1 Performance and Profiling
John McCardle edited this page 2025-11-29 23:30:31 +00:00

Performance and Profiling

Performance monitoring and optimization infrastructure for McRogueFace. Press F3 in-game to see real-time metrics, or use the benchmark API to capture detailed timing data to disk.

Quick Reference

Related Issues:

  • #104 - Basic Profiling/Metrics (Closed - Implemented)
  • #148 - Dirty Flag RenderTexture Caching (Closed - Implemented)
  • #123 - Chunk-based Grid Rendering (Closed - Implemented)
  • #115 - SpatialHash Implementation (Open - Tier 1)
  • #113 - Batch Operations for Grid (Open - Tier 1)
  • #117 - Memory Pool for Entities (Open - Tier 1)

Key Files:

  • src/Profiler.h - ScopedTimer RAII helper
  • src/ProfilerOverlay.cpp - F3 overlay visualization
  • src/GameEngine.h - ProfilingMetrics struct

Benchmark API

The benchmark API captures detailed per-frame timing data to JSON files.
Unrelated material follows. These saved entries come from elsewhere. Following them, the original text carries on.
lemma triangle_bound_step_sub:
  assumes IHG: "\<And>x y z. length x + length y + length z < n \<Longrightarrow>
      Dp x z \<le> c\<^sub>1 * Dp x y + c\<^sub>2 * Dp y z"
    and DB: "\<And>x y r z s. length x + length y + length r + length z = n \<Longrightarrow> r \<noteq> [] \<Longrightarrow>
      Dp (x @ s) z \<le> c\<^sub>1 * Dp x (y @ r) + ppow \<beta> p (r @ s) + c\<^sub>2 * Dp y z"
    and n: "length x + length y + length z = n" and z: "z \<noteq> []"
    and xy: "x = x' @ [a]" "y = y' @ [b]" "Dp x y = Dp x' y' + d a b powr p"
  shows "Dp x z \<le> c\<^sub>1 * Dp x y + c\<^sub>2 * Dp y z"
proof -
  have "y \<noteq> []" using xy by simp
  then show ?thesis
  using z proof (cases rule: Dp_last_operation)
    case (sub y'' b' z' c)
    then have y'': "y'' = y'" "b' = b" using xy by simp_all
    have "Dp x z \<le> Dp x' z' + d a c powr p"
      using Dp_snoc_snoc_le[of x' a z' c] sub xy by simp
    moreover have "Dp x' z' \<le> c\<^sub>1 * Dp x' y' + c\<^sub>2 * Dp y' z'"
      using IHG[of x' y' z'] n sub xy by simp
    moreover have "d a c powr p \<le> (d a b + d b c) powr p"
      using p d_triangle[of a c b] d_nonneg[of a c] by (intro powr_mono2) auto
    moreover have "(d a b + d b c) powr p \<le> c\<^sub>1 * d a b powr p + c\<^sub>2 * d b c powr p"
      by (intro weights d_nonneg)
    ultimately show ?thesis
      using sub y'' xy by (simp add: distrib_left; linarith)
  next
    case (ins z' u)
    have "Dp x z \<le> Dp x z' + ppow \<alpha> p u"
      using Dp_append_right_le[of x z' u] ins by simp
    moreover have "Dp x z' \<le> c\<^sub>1 * Dp x y + c\<^sub>2 * Dp y z'"
      using IHG[of x y z'] n ins by (cases u) auto
    moreover have "ppow \<alpha> p u \<le> c\<^sub>2 * ppow \<alpha> p u"
      by (rule le_c\<^sub>2_mult[OF ppow_nonneg])
    ultimately show ?thesis
      using ins by (simp add: distrib_left; linarith)
  next
    case (del y'' r)
    have "Dp x z \<le> c\<^sub>1 * Dp x (y'' @ r) + ppow \<beta> p r + c\<^sub>2 * Dp y'' z"
      using DB[of x y'' r z "[]"] n del by simp
    moreover have "ppow \<beta> p r \<le> c\<^sub>2 * ppow \<beta> p r"
      by (rule le_c\<^sub>2_mult[OF ppow_nonneg])
    ultimately show ?thesis
      using del by (simp add: distrib_left; linarith)
  qed
qed

lemma triangle_bound_step:
  assumes IHG: "\<And>x y z. length x + length y + length z < n \<Longrightarrow>
      Dp x z \<le> c\<^sub>1 * Dp x y + c\<^sub>2 * Dp y z"
    and IB: "\<And>x y w z t. length x + length y + length w + length z = n \<Longrightarrow> w \<noteq> [] \<Longrightarrow>
      Dp x (z @ t) \<le> c\<^sub>1 * Dp x y + ppow \<alpha> p (w @ t) + c\<^sub>2 * Dp (y @ w) z"
    and DB: "\<And>x y r z s. length x + length y + length r + length z = n \<Longrightarrow> r \<noteq> [] \<Longrightarrow>
      Dp (x @ s) z \<le> c\<^sub>1 * Dp x (y @ r) + ppow \<beta> p (r @ s) + c\<^sub>2 * Dp y z"
    and n: "length x + length y + length z = n"
  shows "Dp x z \<le> c\<^sub>1 * Dp x y + c\<^sub>2 * Dp y z"
proof -
  consider "y = []" | "x = []" "y \<noteq> []" | "z = []" "y \<noteq> []" | "x \<noteq> []" "y \<noteq> []" "z \<noteq> []"
    by blast
  then show ?thesis
  proof cases
    case 1
    then show ?thesis
      using Dp_append_right_le[of x "[]" z] le_c\<^sub>1_mult[OF Dp_nonneg, of x "[]"]
        le_c\<^sub>2_mult[OF ppow_nonneg, of \<alpha> z] by (simp add: Dp_Nil_left)
  next
    case 2
    then show ?thesis
      using IB[of "[]" "[]" y z "[]"] n le_c\<^sub>1_mult[OF ppow_nonneg, of \<alpha> y]
      by (simp add: ppow_Nil Dp_Nil_left)
  next
    case 3
    then show ?thesis
      using DB[of x "[]" y "[]" "[]"] n le_c\<^sub>2_mult[OF ppow_nonneg, of \<beta> y]
      by (simp add: ppow_Nil Dp_Nil_right)
  next
    case 4
    then show ?thesis
    proof (cases rule: Dp_last_operation[of x y])
      case (sub x' a y' b)
      then show ?thesis by (intro triangle_bound_step_sub[OF IHG DB n \<open>z \<noteq> []\<close>])
    next
      case (ins y' w)
      have "Dp x z \<le> c\<^sub>1 * Dp x y' + ppow \<alpha> p w + c\<^sub>2 * Dp (y' @ w) z"
        using IB[of x y' w z "[]"] n ins by simp
      moreover have "ppow \<alpha> p w \<le> c\<^sub>1 * ppow \<alpha> p w"
        by (rule le_c\<^sub>1_mult[OF ppow_nonneg])
      ultimately show ?thesis
        using ins by (simp add: distrib_left; linarith)
    next
      case (del x' v)
      have "Dp x z \<le> Dp x' z + ppow \<beta> p v"
        using Dp_append_left_le[of x' v z] del by simp
      moreover have "Dp x' z \<le> c\<^sub>1 * Dp x' y + c\<^sub>2 * Dp y z"
        using IHG[of x' y z] n del by (cases v) auto
      moreover have "ppow \<beta> p v \<le> c\<^sub>1 * ppow \<beta> p v"
        by (rule le_c\<^sub>1_mult[OF ppow_nonneg])
      ultimately show ?thesis
        using del by (simp add: distrib_left; linarith)
    qed
  qed
qed

lemma weighted_bounds:
  "(\<forall>x y z. length x + length y + length z = n \<longrightarrow> Dp x z \<le> c\<^sub>1 * Dp x y + c\<^sub>2 * Dp y z)
   \<and> (\<forall>x y w z t. length x + length y + length w + length z = n \<longrightarrow>
        Dp x (z @ t) \<le> c\<^sub>1 * Dp x y + ppow \<alpha> p (w @ t) + c\<^sub>2 * Dp (y @ w) z)
   \<and> (\<forall>x y r z s. length x + length y + length r + length z = n \<longrightarrow>
        Dp (x @ s) z \<le> c\<^sub>1 * Dp x (y @ r) + ppow \<beta> p (r @ s) + c\<^sub>2 * Dp y z)"
proof (induction n rule: less_induct)
  case (less n)
  have IHG: "Dp x z \<le> c\<^sub>1 * Dp x y + c\<^sub>2 * Dp y z"
    if "length x + length y + length z < n" for x y z
    using less.IH[OF that] by blast
  have IHI: "Dp x (z @ t) \<le> c\<^sub>1 * Dp x y + ppow \<alpha> p (w @ t) + c\<^sub>2 * Dp (y @ w) z"
    if "length x + length y + length w + length z < n" for x y w z t
    using less.IH[OF that] by blast
  have IHD: "Dp (x @ s) z \<le> c\<^sub>1 * Dp x (y @ r) + ppow \<beta> p (r @ s) + c\<^sub>2 * Dp y z"
    if "length x + length y + length r + length z < n" for x y r z s
    using less.IH[OF that] by blast
  note IB = insertion_bound_step[OF IHI IHD] and DB = deletion_bound_step[OF IHI IHD]
  have G: "Dp x z \<le> c\<^sub>1 * Dp x y + c\<^sub>2 * Dp y z"
    if "length x + length y + length z = n" for x y z
    by (rule triangle_bound_step[OF IHG IB DB that])
  have "Dp x (z @ t) \<le> c\<^sub>1 * Dp x y + ppow \<alpha> p (w @ t) + c\<^sub>2 * Dp (y @ w) z"
    if "length x + length y + length w + length z = n" for x y w z t
  proof (cases "w = []")
    case True
    then show ?thesis
      using Dp_append_right_le[of x z t] G[of x y z] that by simp
  qed (use IB that in blast)
  moreover have "Dp (x @ s) z \<le> c\<^sub>1 * Dp x (y @ r) + ppow \<beta> p (r @ s) + c\<^sub>2 * Dp y z"
    if "length x + length y + length r + length z = n" for x y r z s
  proof (cases "r = []")
    case True
    then show ?thesis
      using Dp_append_left_le[of x s z] G[of x y z] that by simp
  qed (use DB that in blast)
  ultimately show ?case
    using G by blast
qed

lemma Dp_weighted_triangle: "Dp x z \<le> c\<^sub>1 * Dp x y + c\<^sub>2 * Dp y z"
  using weighted_bounds[of "length x + length y + length z"] by blast

end

lemma D_triangle: "D x z \<le> D x y + D y z"
proof (cases "x = y \<or> y = z")
  case True
  then show ?thesis
    using D_eq_0_iff D_nonneg by auto
next
  case False
  define A B where "A = D x y" and "B = D y z"
  have A: "0 < A" and B: "0 < B"
    using False D_nonneg[of x y] D_nonneg[of y z] D_eq_0_iff unfolding A_def B_def
    by (metis less_eq_real_def)+
  define l where "l = A / (A + B)"
  have l: "0 < l" "l < 1" and one_minus_l: "1 - l = B / (A + B)"
    using A B unfolding l_def by (auto simp: field_simps)
  have "Dp x z \<le> l powr (1 - p) * Dp x y + (1 - l) powr (1 - p) * Dp y z"
    by (rule Dp_weighted_triangle) (use powr_add_le_weighted[OF p l] in blast)
  also have "\<dots> = (A + B) powr p"
    unfolding Dp_def A_def[symmetric] B_def[symmetric] one_minus_l unfolding l_def
    by (rule weighted_powr_split_eq[OF A B])
  finally have "Dp x z powr (1 / p) \<le> ((A + B) powr p) powr (1 / p)"
    using p by (intro powr_mono2) (auto simp: Dp_nonneg)
  also have "\<dots> = A + B"
    using p A B by (simp add: powr_powr)
  finally show ?thesis
    by (simp add: D_eq_root_Dp A_def B_def)
qed

end

theorem theoremA1:
  fixes d :: "'a \<Rightarrow> 'a \<Rightarrow> real"
    and \<alpha> \<beta> :: "'a list \<Rightarrow> real"
    and p :: real
  assumes p: "1 \<le> p"
    and qm: "quasi_metric d" and sep: "separating d"
    and \<alpha>_pos: "\<And>w. w \<noteq> [] \<Longrightarrow> \<alpha> w > 0"
    and \<beta>_pos: "\<And>w. w \<noteq> [] \<Longrightarrow> \<beta> w > 0"
    and g\<alpha>: "gap_penalty (ppow \<alpha> p)"
    and g\<beta>: "gap_penalty (ppow \<beta> p)"
    and W1: "\<And>a b u v. d a b powr p + ppow \<beta> p (u @ [b] @ v) \<ge> ppow \<beta> p (u @ [a] @ v)"
    and W2: "\<And>a b u v. d a b powr p + ppow \<alpha> p (u @ [a] @ v) \<ge> ppow \<alpha> p (u @ [b] @ v)"
    and W3: "\<And>u v x. ppow \<beta> p (u @ v) + ppow \<beta> p x \<ge> ppow \<beta> p (u @ x @ v)"
    and W4: "\<And>u v x. ppow \<alpha> p (u @ v) + ppow \<alpha> p x \<ge> ppow \<alpha> p (u @ x @ v)"
    and W5: "\<And>u v x. ppow \<beta> p (u @ x @ v) + ppow \<alpha> p x \<ge> ppow \<beta> p (u @ v)"
    and W6: "\<And>u v x. ppow \<alpha> p (u @ x @ v) + ppow \<beta> p x \<ge> ppow \<alpha> p (u @ v)"
    and W7: "\<And>u v x. ppow \<alpha> p (u @ x) + ppow \<beta> p (x @ v) \<ge> ppow \<alpha> p u + ppow \<beta> p v"
    and W8: "\<And>u v x. ppow \<beta> p (u @ x) + ppow \<alpha> p (x @ v) \<ge> ppow \<beta> p u + ppow \<alpha> p v"
  shows "quasi_metric (edit_dist d \<alpha> \<beta> p) \<and> separating (edit_dist d \<alpha> \<beta> p)"
proof -
  interpret lp_edit_distance d \<alpha> \<beta> p
    by unfold_locales (fact assms)+
  show ?thesis
    unfolding quasi_metric_def separating_def using D_nonneg D_eq_0_iff D_triangle by blast
qed

end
C++ handles all timing responsibility; Python processes results afterward.

Basic Usage

import mcrfpy

# Start capturing benchmark data
mcrfpy.start_benchmark()

# ... run your test scenario ...

# Stop and get the output filename
filename = mcrfpy.end_benchmark()
print(f"Benchmark saved to: {filename}")
# e.g., "benchmark_12345_20250528_143022.json"

Adding Log Messages

Mark specific events within the benchmark:

mcrfpy.start_benchmark()

# Your code...
mcrfpy.log_benchmark("Player spawned")

# More code...
mcrfpy.log_benchmark("Combat started")

filename = mcrfpy.end_benchmark()

Log messages appear in the logs array of each frame in the output JSON.

Output Format

The JSON file contains per-frame data:

{
  "frames": [
    {
      "frame_number": 1,
      "frame_time_ms": 12.5,
      "grid_render_time_ms": 8.2,
      "entity_render_time_ms": 2.1,
      "python_time_ms": 1.8,
      "logs": ["Player spawned"]
    },
    ...
  ],
  "summary": {
    "total_frames": 1000,
    "avg_frame_time_ms": 14.2,
    "max_frame_time_ms": 28.5,
    "min_frame_time_ms": 8.1
  }
}

Processing Results

Since Python processes results after capture, timing overhead doesn't affect measurements:

import json

def analyze_benchmark(filename):
    with open(filename) as f:
        data = json.load(f)

    frames = data["frames"]
    slow_frames = [f for f in frames if f["frame_time_ms"] > 16.67]

    print(f"Total frames: {len(frames)}")
    print(f"Slow frames (>16.67ms): {len(slow_frames)}")
    print(f"Average: {data['summary']['avg_frame_time_ms']:.2f}ms")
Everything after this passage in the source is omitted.